• **RAW DATA**:
lemma fixed_ideal_rees_coeffs:
  assumes "f \<in> ID"
  shows "f \<in> D 0" "f $$ n \<in> I"
proof -
  have "f \<in> {f. f \<in> D 0 \<and> (\<forall>n. f $$ n \<in> I)}"
    using assms
  proof (rule fixed_ideal_least)
    fix i j g h assume ij: "1 \<le> i" "1 \<le> j" "i + j = p" and g: "g \<in> D i" and h: "h \<in> D j"
    have g_lp: "g \<in> laurent_polys" using g by (simp add: rees_grading_iff)
    have "g * h \<in> D 0"
      using rees_grading_mult[OF _ _ g h] ij by simp
    moreover have "g $$ k * h $$ (n - k) \<in> I" for n k
      using g h by (intro fixed_ideal_generator[OF ij]) (simp_all add: rees_grading_iff)
    then have "(g * h) $$ n \<in> I" for n
      using g_lp by (simp add: fls_times_nth_finite_support[OF g_lp] fixed_ideal_sum laurent_polys_def)
    ultimately show "g * h \<in> {f. f \<in> D 0 \<and> (\<forall>n. f $$ n \<in> I)}" by simp
  qed (auto simp: rees_grading_zero rees_grading_add p_pos fixed_ideal_zero fixed_ideal_add)
  then show "f \<in> D 0" "f $$ n \<in> I" by simp_all
qed
text \<open>Lindelof's theorem makes the union defining the essential support countable.\<close>

lemma AE_nonzero_in_esssupp: "AE x in lborel. f x \<noteq> 0 \<longrightarrow> x \<in> esssupp f"
proof -
  let ?Z = "{U. open U \<and> (AE x in lborel. x \<in> U \<longrightarrow> f x = 0)}"
  obtain Z' where Z': "Z' \<subseteq> ?Z" "countable Z'" "\<Union>Z' = \<Union>?Z"
    using Lindelof[of ?Z] by auto
  have "\<forall>U\<in>Z'. AE x in lborel. x \<in> U \<longrightarrow> f x = 0"
    using Z'(1) by blast
  then have "AE x in lborel. \<forall>U\<in>Z'. x \<in> U \<longrightarrow> f x = 0"
    by (subst AE_ball_countable[OF Z'(2)])
  then show ?thesis
  proof eventually_elim
    case (elim x)
    then show ?case
      unfolding esssupp_def Z'(3)[symmetric] by blast
  qed
qed

lemma admissible_cutoff_integral: "admissible_cutoff v f \<psi>0 \<Longrightarrow> (\<integral>s. \<psi>0 s \<partial>lborel) = 1"
  by (simp add: admissible_cutoff_def)

lemma admissible_cutoff_continuous:
  assumes "admissible_cutoff v f \<psi>0"
  shows "continuous_on UNIV \<psi>0"
proof -
  have "\<psi>0 differentiable (at s)" for s
    using assms unfolding admissible_cutoff_def smooth_fun_def by (metis dirderivs.simps(1))
  then show ?thesis
    by (meson continuous_at_imp_continuous_on differentiable_imp_continuous_within)
qed

lemma admissible_cutoff_vanishes:
  assumes "admissible_cutoff v f \<psi>0" and "tmin v f \<le> ereal s"
  shows "\<psi>0 s = 0"
proof -
  have "closure {s. \<psi>0 s \<noteq> 0} \<subseteq> {s. ereal s < tmin v f}"
    using assms(1) unfolding admissible_cutoff_def by blast
  moreover have "s \<notin> {s. ereal s < tmin v f}"
    using leD[OF assms(2)] by blast
  ultimately have "s \<notin> closure {s. \<psi>0 s \<noteq> 0}"
    by blast
  then show ?thesis
    using closure_subset[of "{s. \<psi>0 s \<noteq> 0}"] by blast
qed
(* Suppose Assumptions A1, A2 (SDSD) and A3 hold for the steady state $(x^s,u^s)$ and discount factor $\gamma\in(0,1)$. Define $W(x):=V_\star^\gamma(x)+\lambda(x)$, where $\lambda$ and $\rho\in\mathcal{K}$ are the functions from Assumption A2. Then, for all $x_0\in\mathbb{X}_0$, $W$ is a Lyapunov function for the closed-loop system $x_{k+1}=f(x_k,\pi_\star^\gamma(x_k))$: (a) $W(x)\ge \rho(\|x-x^s\|)$; (b) there exists $\alpha\in\mathcal{K}$ with $W(x)\le \alpha(\|x-x^s\|)$; (c) $W(f(x,\pi_\star^\gamma(x)))-W(x)\le -\rho(\|x-x^s\|)$; and the closed-loop system under the optimal policy $\pi_\star^\gamma$ (equivalently, under an optimal policy of the modified problem with stage cost $\hat L^\gamma$) is asymptotically stable at $x^s$, i.e. there is $\beta\in\mathcal{KL}$ with $\|x_k^{\pi_\star^\gamma}-x^s\|\le\beta(\|x_0-x^s\|,k)$ for all $k\ge0$ and all $x_0\in\mathbb{X}_0$.
   Context: Setting: discrete-time system $x_+=f(x,u)$ with $x\in\mathbb{R}^{n_x}$, $u\in\mathbb{R}^{n_u}$, stage cost $L(x,u)$, constraint set $\mathbb{Z}:=\{(x,u): h(x,u)\le 0\}$, with the convention $L(x,u)=\infty$ for $(x,u)\notin\mathbb{Z}$, and discount factor $\gamma\in(0,1)$. For a policy $\pi$ (a map $x\mapsto u$) the closed-loop trajectory is $x_{k+1}^\pi=f(x_k^\pi,\pi(x_k^\pi))$, $x_0^\pi=x_0$. $\mathbb{X}_0:=\{x_0:\exists\pi \text{ with } h(x_k^\pi,\pi(x_k^\pi))\le0\ \forall k\ge0\}$ and $\Pi:=\{\pi: h(x_k^\pi,\pi(x_k^\pi))\le 0\ \forall x_0\in\mathbb{X}_0,\forall k\ge 0\}$. The optimal value function is $V_\star^\gamma(x_0):=\min_{\pi\in\Pi}\sum_{k=0}^\infty\gamma^kL(x_k^\pi,\pi(x_k^\pi))$ and $\pi_\star^\gamma$ denotes an optimal policy; it satisfies the Bellman equation $V_\star^\gamma(x)=\min_{\pi\in\Pi}L(x,\pi(x))+\gamma V_\star^\gamma(f(x,\pi(x)))$. $(x^s,u^s)$ is a steady state, $x^s=f(x^s,u^s)$, normalized so that $L(x^s,u^s)=0$. Assumption A1: $\mathbb{Z}$ and $\mathbb{X}_0$ are compact and $|L(x,u)|<\infty$ for all $(x,u)\in\mathbb{Z}$. Assumption A2 (Strong Discounted Strict Dissipativity, SDSD): there exist a function $\lambda$, continuous at $x^s$, bounded on bounded sets, with $\lambda(x^s)=0$, and $\rho\in\mathcal{K}$ such that for all $(x,u)\in\mathbb{Z}$: (i) $L(x,u)+\lambda(x)-\gamma\lambda(f(x,u))\ge\rho(\|x-x^s\|)$; (ii) $L(x,u)+\lambda(x)-\lambda(f(x,u))+(\gamma-1)V_\star^\gamma(f(x,u))\ge\rho(\|x-x^s\|)$. Assumption A3: $V_\star^\gamma$ is continuous at $x^s$ and bounded on $\mathbb{X}_0$. Modified cost: $\hat L^\gamma(x,u):=L(x,u)+\lambda(x)-\gamma\lambda(f(x,u))$; it is known (for bounded $\lambda$) that the discounted problem with stage cost $\hat L^\gamma$ has the same optimal policies as the original one and optimal value $V_\star^\gamma+\lambda$. Comparison functions: $\mathcal{K}$ = continuous, strictly increasing $\alpha:\mathbb{R}_{\ge0}\to\mathbb{R}_{\ge0}$ with $\alpha(0)=0$; $\mathcal{L}$ = continuous strictly decreasing functions tending to $0$; $\mathcal{KL}$ = continuous $\beta(s,t)$ with $\beta(\cdot,t)\in\mathcal{K}$ and $\beta(s,\cdot)\in\mathcal{L}$. *)

theory Defs
  imports "HOL-Analysis.Analysis"
begin
(* Let $G:\mathbb{R}^2\to\mathbb{C}$ be quasi-periodic, and let $K,N\geq 8$ be integers and $(x,y)\in[0,1/K)\times[0,1/N)$. Assume $G(x+i/K,\,y+j/N)\neq 0$ for all $(i,j)\in\mathbb{Z}^2$, and let $H:\mathbb{R}^2\to\mathbb{R}$ be any function with $G=|G|e^{2\pi i H}$ at these points. Set $h_{i,j}=H(x+i/K,\,y+j/N)$ for $(i,j)\in\mathbb{Z}^2$. Then there exist integers $0\le i<K$ and $0\le j<N$ such that either $$\operatorname{dist}(h_{i+1,j}-h_{i,j},\mathbb{Z})>\tfrac18\quad\text{or}\quad \operatorname{dist}(h_{i,j+1}-h_{i,j},\mathbb{Z})>\tfrac18.$$
   Context: A function $G$ on $\mathbb{R}^2$ is quasi-periodic if $G(x,y+1)=G(x,y)$ and $G(x+1,y)=e^{2\pi i y}G(x,y)$ for all $(x,y)\in\mathbb{R}^2$. *)

theory Defs
  imports "HOL-Analysis.Analysis"
begin

definition quasi_periodic :: "(real \<Rightarrow> real \<Rightarrow> complex) \<Rightarrow> bool" where
  "quasi_periodic G \<longleftrightarrow>
     (\<forall>x y. G x (y + 1) = G x y \<and> G (x + 1) y = exp (2 * pi * \<i> * complex_of_real y) * G x y)"

definition dist_Z :: "real \<Rightarrow> real" where
  "dist_Z t = infdist t \<int>"

end

theory Submission imports Defs begin

(*
  Idea: a discrete winding-number argument.  Sample the phase H of G on the grid
  (x + i/K, y + j/N) as h i j, and replace every edge increment of h by its signed
  distance to the nearest integer ("rounded increment").  The rounded increments
  around any grid cell always sum to an integer; if all increments in the
  fundamental box [0,K) x [0,N) were within 1/8 of an integer, each such cell sum
  would be 0.  Quasi-periodicity of G says that h is N-periodic in j up to integers
  and that shifting i by K adds y + j/N up to integers; hence the rounded vertical
  increments at column K exceed those at column 0 by exactly 1/N.  Summing the cell
  circulations over the box (a discrete Stokes identity) then gives 0 = N * (1/N) = 1.

  The argument
  only needs K >= 1 and N >= 3.
*)

definition round_residue :: "real \<Rightarrow> real" where
  "round_residue t = t - of_int (round t)"

lemma round_residue_Ints: "t - round_residue t \<in> \<int>"
  by (simp add: round_residue_def)

text \<open>Its absolute value is a lower bound for the distance to the integers
  (in fact equal to it, but the inequality is all that is needed).\<close>
lemma abs_round_residue_le_dist_Z: "\<bar>round_residue t\<bar> \<le> dist_Z t"
proof -
  have "\<bar>round_residue t\<bar> \<le> (INF a\<in>\<int>. dist t a)"
  proof (rule cINF_greatest)
    show "(\<int>::real set) \<noteq> {}" by auto
    fix a :: real assume "a \<in> \<int>"
    then obtain m where "a = of_int m" by (auto elim: Ints_cases)
    then show "\<bar>round_residue t\<bar> \<le> dist t a"
      using round_diff_minimal[of t m] by (simp add: round_residue_def dist_real_def)
  qed
  moreover have "(\<int>::real set) \<noteq> {}" by auto
  ultimately show ?thesis by (simp add: dist_Z_def infdist_notempty)
qed

lemma round_residue_shift:
  assumes "s - t \<in> \<int>"
  shows "round_residue s = round_residue t"
proof -
  obtain m where s: "s = t + of_int m"
    using assms by (metis Ints_cases add_diff_cancel_left' add_diff_eq add.commute)
  have "t + of_int m + 1/2 = (t + 1/2) + of_int m" by simp
  then have "round s = round t + m"
    unfolding s round_def by (simp only: floor_add_int)
  then show ?thesis by (simp add: round_residue_def s)
qed

lemma round_residue_small:
  assumes "\<bar>t\<bar> < 1/2"
  shows "round_residue t = t"
  using round_unique'[of t 0] assms by (simp add: round_residue_def)

lemma Ints_abs_less_one_eq_0: "(u::real) \<in> \<int> \<Longrightarrow> \<bar>u\<bar> < 1 \<Longrightarrow> u = 0"
  by (auto elim!: Ints_cases)

definition step_x :: "(int \<Rightarrow> int \<Rightarrow> real) \<Rightarrow> int \<Rightarrow> int \<Rightarrow> real" where
  "step_x h i j = round_residue (h (i + 1) j - h i j)"

definition step_y :: "(int \<Rightarrow> int \<Rightarrow> real) \<Rightarrow> int \<Rightarrow> int \<Rightarrow> real" where
  "step_y h i j = round_residue (h i (j + 1) - h i j)"

definition circulation :: "(int \<Rightarrow> int \<Rightarrow> real) \<Rightarrow> int \<Rightarrow> int \<Rightarrow> real" where
  "circulation h i j = step_x h i j + step_y h (i + 1) j - step_x h i (j + 1) - step_y h i j"

text \<open>The raw increments around a cell telescope to zero, so the rounded
  circulation is always an integer.\<close>
lemma circulation_Ints: "circulation h i j \<in> \<int>"
proof -
  let ?d = "\<lambda>t. t - round_residue t"
  have "circulation h i j =
      - (?d (h (i + 1) j - h i j) + ?d (h (i + 1) (j + 1) - h (i + 1) j)
         - ?d (h (i + 1) (j + 1) - h i (j + 1)) - ?d (h i (j + 1) - h i j))"
    by (simp add: circulation_def step_x_def step_y_def)
  then show ?thesis using round_residue_Ints by (metis Ints_add Ints_diff Ints_minus)
qed

lemma box_circulation_sum:
  fixes \<rho> \<sigma> :: "int \<Rightarrow> int \<Rightarrow> real"
  shows "(\<Sum>j<N. \<Sum>i<K. \<rho> (int i) (int j) + \<sigma> (int i + 1) (int j)
                      - \<rho> (int i) (int j + 1) - \<sigma> (int i) (int j))
    = (\<Sum>i<K. \<rho> (int i) 0) - (\<Sum>i<K. \<rho> (int i) (int N))
      + (\<Sum>j<N. \<sigma> (int K) (int j) - \<sigma> 0 (int j))"
proof -
  define R where "R n = (\<Sum>i<K. \<rho> (int i) (int n))" for n
  have row: "(\<Sum>i<K. \<rho> (int i) (int j) + \<sigma> (int i + 1) (int j)
                      - \<rho> (int i) (int j + 1) - \<sigma> (int i) (int j))
      = (R j - R (Suc j)) + (\<sigma> (int K) (int j) - \<sigma> 0 (int j))" for j
    using sum_lessThan_telescope[of "\<lambda>n. \<sigma> (int n) (int j)" K]
    by (simp add: R_def sum.distrib sum_subtractf algebra_simps)
  have "(\<Sum>j<N. \<Sum>i<K. \<rho> (int i) (int j) + \<sigma> (int i + 1) (int j)
                      - \<rho> (int i) (int j + 1) - \<sigma> (int i) (int j))
      = (\<Sum>j<N. R j - R (Suc j)) + (\<Sum>j<N. \<sigma> (int K) (int j) - \<sigma> 0 (int j))"
    by (simp only: row sum.distrib)
  also have "(\<Sum>j<N. R j - R (Suc j)) = R 0 - R N"
    by (rule sum_lessThan_telescope')
  finally show ?thesis by (simp add: R_def)
qed

lemma step_x_periodic:
  assumes "\<And>i j. h i (j + int N) - h i j \<in> \<int>"
  shows "step_x h i (j + int N) = step_x h i j"
  unfolding step_x_def
proof (rule round_residue_shift)
  have "h (i + 1) (j + int N) - h i (j + int N) - (h (i + 1) j - h i j)
      = (h (i + 1) (j + int N) - h (i + 1) j) - (h i (j + int N) - h i j)" by simp
  then show "h (i + 1) (j + int N) - h i (j + int N) - (h (i + 1) j - h i j) \<in> \<int>"
    using assms by (metis Ints_diff)
qed

lemma step_y_twist:
  assumes "N > 0" and "\<And>i j. h (i + int K) j - h i j - (c + of_int j / real N) \<in> \<int>"
  shows "step_y h (i + int K) j = round_residue (step_y h i j + 1 / real N)"
  unfolding step_y_def
proof (rule round_residue_shift)
  let ?e = "\<lambda>j. h (i + int K) j - h i j - (c + of_int j / real N)"
  let ?t = "h i (j + 1) - h i j"
  have "h (i + int K) (j + 1) - h (i + int K) j - (round_residue ?t + 1 / real N)
      = ?e (j + 1) - ?e j + (?t - round_residue ?t)"
    using assms(1) by (simp add: field_simps)
  then show "h (i + int K) (j + 1) - h (i + int K) j - (round_residue ?t + 1 / real N) \<in> \<int>"
    using assms(2) round_residue_Ints by (metis Ints_add Ints_diff)
qed

lemma large_phase_step_exists:
  fixes h :: "int \<Rightarrow> int \<Rightarrow> real"
  assumes K: "K > 0" and N: "N \<ge> 3"
    and shift_x: "\<And>i j. h (i + int K) j - h i j - (c + of_int j / real N) \<in> \<int>"
    and shift_y: "\<And>i j. h i (j + int N) - h i j \<in> \<int>"
  shows "\<exists>i j. 0 \<le> i \<and> i < int K \<and> 0 \<le> j \<and> j < int N \<and>
     (dist_Z (h (i + 1) j - h i j) > 1/8 \<or> dist_Z (h i (j + 1) - h i j) > 1/8)"
proof (rule ccontr)
  assume "\<not> ?thesis"
  then have small: "\<bar>step_x h i j\<bar> \<le> 1/8" "\<bar>step_y h i j\<bar> \<le> 1/8"
    if "0 \<le> i" "i < int K" "0 \<le> j" "j < int N" for i j
    using that abs_round_residue_le_dist_Z unfolding step_x_def step_y_def
    by (meson not_less order_trans)+
  have N_pos: "N > 0" and inv_N: "0 < 1 / real N" "1 / real N \<le> 1/3"
    using N by (auto simp: field_simps)
  have periodic_x: "step_x h i (j + int N) = step_x h i j" for i j
    by (rule step_x_periodic[where h = h, OF shift_y])
  have wrap_y: "step_y h (int K) j = step_y h 0 j + 1 / real N"
    if "0 \<le> j" "j < int N" for j
  proof -
    have "\<bar>step_y h 0 j\<bar> \<le> 1/8" using small(2)[of 0 j] that K by simp
    then have "\<bar>step_y h 0 j + 1 / real N\<bar> < 1/2"
      using inv_N unfolding abs_le_iff abs_less_iff by linarith
    then show ?thesis
      using step_y_twist[where h = h and K = K, OF N_pos shift_x, of 0 j] round_residue_small
      by simp
  qed
  have flat: "circulation h i j = 0" if "0 \<le> i" "i < int K" "0 \<le> j" "j < int N" for i j
  proof (rule Ints_abs_less_one_eq_0[OF circulation_Ints])
    have right: "\<bar>step_y h (i + 1) j\<bar> \<le> 1/8 + 1 / real N"
    proof (cases "i + 1 < int K")
      case True
      then have "\<bar>step_y h (i + 1) j\<bar> \<le> 1/8" using small(2)[of "i + 1" j] that by simp
      then show ?thesis using inv_N by linarith
    next
      case False
      then have "i + 1 = int K" using that by simp
      then have "step_y h (i + 1) j = step_y h 0 j + 1 / real N"
        using wrap_y[of j] that by simp
      moreover have "\<bar>step_y h 0 j\<bar> \<le> 1/8" using small(2)[of 0 j] that K by simp
      ultimately show ?thesis using inv_N unfolding abs_le_iff by linarith
    qed
    have top: "\<bar>step_x h i (j + 1)\<bar> \<le> 1/8"
    proof (cases "j + 1 < int N")
      case True
      then show ?thesis using small(1)[of i "j + 1"] that by simp
    next
      case False
      then have "j + 1 = 0 + int N" using that by simp
      then show ?thesis using small(1)[of i 0] periodic_x[of i 0] that by simp
    qed
    show "\<bar>circulation h i j\<bar> < 1"
      using right top small[OF that] inv_N unfolding circulation_def by linarith
  qed
  have "(\<Sum>j<N. \<Sum>i<K. circulation h (int i) (int j)) = 0"
    using flat by simp
  moreover have "(\<Sum>i<K. step_x h (int i) (int N)) = (\<Sum>i<K. step_x h (int i) 0)"
    using periodic_x[of _ 0] by simp
  moreover have "(\<Sum>j<N. step_y h (int K) (int j) - step_y h 0 (int j)) = 1"
    using wrap_y N_pos by simp
  ultimately show False
    using box_circulation_sum[of "step_x h" "step_y h" K N] by (simp add: circulation_def)
qed

lemma polar_phase_shift:
  assumes "z \<noteq> 0"
    and z: "z = complex_of_real (cmod z) * exp (2 * pi * \<i> * complex_of_real a)"
    and w: "w = complex_of_real (cmod w) * exp (2 * pi * \<i> * complex_of_real b)"
    and rel: "w = exp (2 * pi * \<i> * complex_of_real s) * z"
  shows "b - a - s \<in> \<int>"
proof -
  let ?E = "\<lambda>t. exp (2 * pi * \<i> * complex_of_real t)"
  have "?E s * z = ?E s * (complex_of_real (cmod z) * ?E a)" using z by (rule arg_cong)
  also have "\<dots> = complex_of_real (cmod z) * ?E (a + s)"
    by (simp add: distrib_left exp_add mult_ac)
  finally have "w = complex_of_real (cmod z) * ?E (a + s)" using rel by simp
  moreover have "cmod w = cmod z" using rel by (simp add: norm_mult)
  ultimately have "?E b = ?E (a + s)" using w \<open>z \<noteq> 0\<close> by simp
  then obtain n :: int where
    "2 * pi * \<i> * complex_of_real b = 2 * pi * \<i> * complex_of_real (a + s) + (of_int (2 * n) * pi) * \<i>"
    using exp_eq by blast
  then have "2 * pi * \<i> * complex_of_real (b - a - s - of_int n) = 0"
    by (simp add: algebra_simps)
  then have "complex_of_real (b - a - s) = complex_of_real (of_int n)"
    by simp
  then show ?thesis by (simp only: of_real_eq_iff) simp
qed

lemma quasi_periodic_phase_shifts:
  fixes G :: "real \<Rightarrow> real \<Rightarrow> complex" and H :: "real \<Rightarrow> real \<Rightarrow> real"
    and K N :: nat and x y :: real
  defines "g \<equiv> \<lambda>i j :: int. G (x + of_int i / real K) (y + of_int j / real N)"
    and "h \<equiv> \<lambda>i j :: int. H (x + of_int i / real K) (y + of_int j / real N)"
  assumes qp: "quasi_periodic G" and "K > 0" and "N > 0"
    and nonzero: "\<And>i j. g i j \<noteq> 0"
    and polar: "\<And>i j. g i j = complex_of_real (cmod (g i j)) * exp (2 * pi * \<i> * complex_of_real (h i j))"
  shows "h (i + int K) j - h i j - (y + of_int j / real N) \<in> \<int>"
    and "h i (j + int N) - h i j \<in> \<int>"
proof -
  have qp_x: "\<And>u v. G (u + 1) v = exp (2 * pi * \<i> * complex_of_real v) * G u v"
    and qp_y: "\<And>u v. G u (v + 1) = G u v"
    using qp by (auto simp: quasi_periodic_def)
  have "x + of_int (i + int K) / real K = (x + of_int i / real K) + 1"
    using \<open>K > 0\<close> by (simp add: field_simps)
  then have "g (i + int K) j = exp (2 * pi * \<i> * complex_of_real (y + of_int j / real N)) * g i j"
    unfolding g_def by (simp only: qp_x)
  then show "h (i + int K) j - h i j - (y + of_int j / real N) \<in> \<int>"
    by (rule polar_phase_shift[OF nonzero polar polar])
  have "y + of_int (j + int N) / real N = (y + of_int j / real N) + 1"
    using \<open>N > 0\<close> by (simp add: field_simps)
  then have "g i (j + int N) = g i j"
    unfolding g_def by (simp only: qp_y)
  then have "g i (j + int N) = exp (2 * pi * \<i> * complex_of_real 0) * g i j"
    by simp
  from polar_phase_shift[OF nonzero polar polar this]
  show "h i (j + int N) - h i j \<in> \<int>" by simp
qed

theorem lemma2:
  fixes G :: "real \<Rightarrow> real \<Rightarrow> complex"
    and H :: "real \<Rightarrow> real \<Rightarrow> real"
    and K N :: nat and x y :: real
  assumes "quasi_periodic G"
    and "K \<ge> 8" and "N \<ge> 8"
    and "0 \<le> x" and "x < 1 / real K" and "0 \<le> y" and "y < 1 / real N"
    and "\<forall>i j :: int. G (x + of_int i / real K) (y + of_int j / real N) \<noteq> 0"
    and "\<forall>i j :: int. G (x + of_int i / real K) (y + of_int j / real N) =
           complex_of_real (cmod (G (x + of_int i / real K) (y + of_int j / real N)))
           * exp (2 * pi * \<i> * complex_of_real (H (x + of_int i / real K) (y + of_int j / real N)))"
  shows "\<exists>i j :: int. 0 \<le> i \<and> i < int K \<and> 0 \<le> j \<and> j < int N \<and>
     (let h = (\<lambda>a b :: int. H (x + of_int a / real K) (y + of_int b / real N)) in
        dist_Z (h (i + 1) j - h i j) > 1 / 8 \<or> dist_Z (h i (j + 1) - h i j) > 1 / 8)"
proof -
  define h where "h = (\<lambda>a b :: int. H (x + of_int a / real K) (y + of_int b / real N))"
  have "K > 0" "N > 0" "N \<ge> 3" using assms(2,3) by auto
  have shifts: "h (i + int K) j - h i j - (y + of_int j / real N) \<in> \<int>"
      "h i (j + int N) - h i j \<in> \<int>" for i j
    unfolding h_def using assms(8,9)
    by (intro quasi_periodic_phase_shifts[OF assms(1) \<open>K > 0\<close> \<open>N > 0\<close>]; simp)+
  have "\<exists>i j. 0 \<le> i \<and> i < int K \<and> 0 \<le> j \<and> j < int N \<and>
      (dist_Z (h (i + 1) j - h i j) > 1/8 \<or> dist_Z (h i (j + 1) - h i j) > 1/8)"
    by (rule large_phase_step_exists[where h = h and c = y, OF \<open>K > 0\<close> \<open>N \<ge> 3\<close> shifts])
  then show ?thesis unfolding h_def Let_def by simp
qed

end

• **WHAT THE TASK ASKS**: Determine the number of lines in the listing above containing the word "ereal"; respond with that figure only.

• **OUTPUT FOR THIS EXERCISE**: 3